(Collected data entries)
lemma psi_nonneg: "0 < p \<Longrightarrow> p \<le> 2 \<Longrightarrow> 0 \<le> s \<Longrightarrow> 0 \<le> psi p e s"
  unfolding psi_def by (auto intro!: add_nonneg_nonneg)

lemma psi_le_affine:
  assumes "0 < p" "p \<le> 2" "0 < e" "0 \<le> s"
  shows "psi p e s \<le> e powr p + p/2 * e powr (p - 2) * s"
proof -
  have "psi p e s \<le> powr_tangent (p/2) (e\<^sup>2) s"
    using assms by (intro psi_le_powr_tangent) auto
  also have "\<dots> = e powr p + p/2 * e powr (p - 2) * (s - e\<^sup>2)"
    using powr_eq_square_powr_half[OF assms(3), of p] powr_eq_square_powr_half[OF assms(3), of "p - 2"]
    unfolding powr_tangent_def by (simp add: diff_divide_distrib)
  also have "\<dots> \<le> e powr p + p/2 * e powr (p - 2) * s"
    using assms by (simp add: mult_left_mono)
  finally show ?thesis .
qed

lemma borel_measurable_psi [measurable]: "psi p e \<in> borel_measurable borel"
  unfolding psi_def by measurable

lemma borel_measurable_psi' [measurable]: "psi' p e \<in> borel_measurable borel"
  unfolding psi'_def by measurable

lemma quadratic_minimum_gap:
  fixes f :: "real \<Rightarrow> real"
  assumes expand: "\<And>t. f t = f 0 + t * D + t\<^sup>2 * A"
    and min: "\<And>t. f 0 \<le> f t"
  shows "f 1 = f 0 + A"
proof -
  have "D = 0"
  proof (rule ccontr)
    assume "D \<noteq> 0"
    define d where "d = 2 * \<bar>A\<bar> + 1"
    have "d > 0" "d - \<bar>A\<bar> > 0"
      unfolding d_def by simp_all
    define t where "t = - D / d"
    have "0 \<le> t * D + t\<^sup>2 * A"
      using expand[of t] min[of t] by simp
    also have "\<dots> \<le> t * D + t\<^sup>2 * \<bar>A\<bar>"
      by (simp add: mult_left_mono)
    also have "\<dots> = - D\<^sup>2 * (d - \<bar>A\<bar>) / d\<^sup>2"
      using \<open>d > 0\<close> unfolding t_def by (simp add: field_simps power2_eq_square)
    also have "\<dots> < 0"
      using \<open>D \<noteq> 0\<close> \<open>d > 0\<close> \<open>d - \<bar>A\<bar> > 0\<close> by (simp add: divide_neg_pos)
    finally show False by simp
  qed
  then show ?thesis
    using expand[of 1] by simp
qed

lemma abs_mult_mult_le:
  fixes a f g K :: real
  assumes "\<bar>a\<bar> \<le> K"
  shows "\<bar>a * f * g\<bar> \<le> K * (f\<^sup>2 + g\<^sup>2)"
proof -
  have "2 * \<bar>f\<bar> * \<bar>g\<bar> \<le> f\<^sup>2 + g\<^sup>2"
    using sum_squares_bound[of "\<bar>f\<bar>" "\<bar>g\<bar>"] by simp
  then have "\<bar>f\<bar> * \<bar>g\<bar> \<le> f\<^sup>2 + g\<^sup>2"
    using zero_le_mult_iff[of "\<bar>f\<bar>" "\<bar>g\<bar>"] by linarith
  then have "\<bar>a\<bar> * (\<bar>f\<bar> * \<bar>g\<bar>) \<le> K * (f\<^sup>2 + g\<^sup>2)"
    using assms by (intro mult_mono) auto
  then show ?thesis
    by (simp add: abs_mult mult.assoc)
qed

WHAT YOU ARE ASKED TO DO: Your answer should consist of the lines from the line with "f t = f 0 + t" to the line with "fixes a f g K :: real" above, repeated exactly, both ends included.

SOLUTION FOR THIS TASK:
  assumes expand: "\<And>t. f t = f 0 + t * D + t\<^sup>2 * A"
    and min: "\<And>t. f 0 \<le> f t"
  shows "f 1 = f 0 + A"
proof -
  have "D = 0"
  proof (rule ccontr)
    assume "D \<noteq> 0"
    define d where "d = 2 * \<bar>A\<bar> + 1"
    have "d > 0" "d - \<bar>A\<bar> > 0"
      unfolding d_def by simp_all
    define t where "t = - D / d"
    have "0 \<le> t * D + t\<^sup>2 * A"
      using expand[of t] min[of t] by simp
    also have "\<dots> \<le> t * D + t\<^sup>2 * \<bar>A\<bar>"
      by (simp add: mult_left_mono)
    also have "\<dots> = - D\<^sup>2 * (d - \<bar>A\<bar>) / d\<^sup>2"
      using \<open>d > 0\<close> unfolding t_def by (simp add: field_simps power2_eq_square)
    also have "\<dots> < 0"
      using \<open>D \<noteq> 0\<close> \<open>d > 0\<close> \<open>d - \<bar>A\<bar> > 0\<close> by (simp add: divide_neg_pos)
    finally show False by simp
  qed
  then show ?thesis
    using expand[of 1] by simp
qed

lemma abs_mult_mult_le:
  fixes a f g K :: real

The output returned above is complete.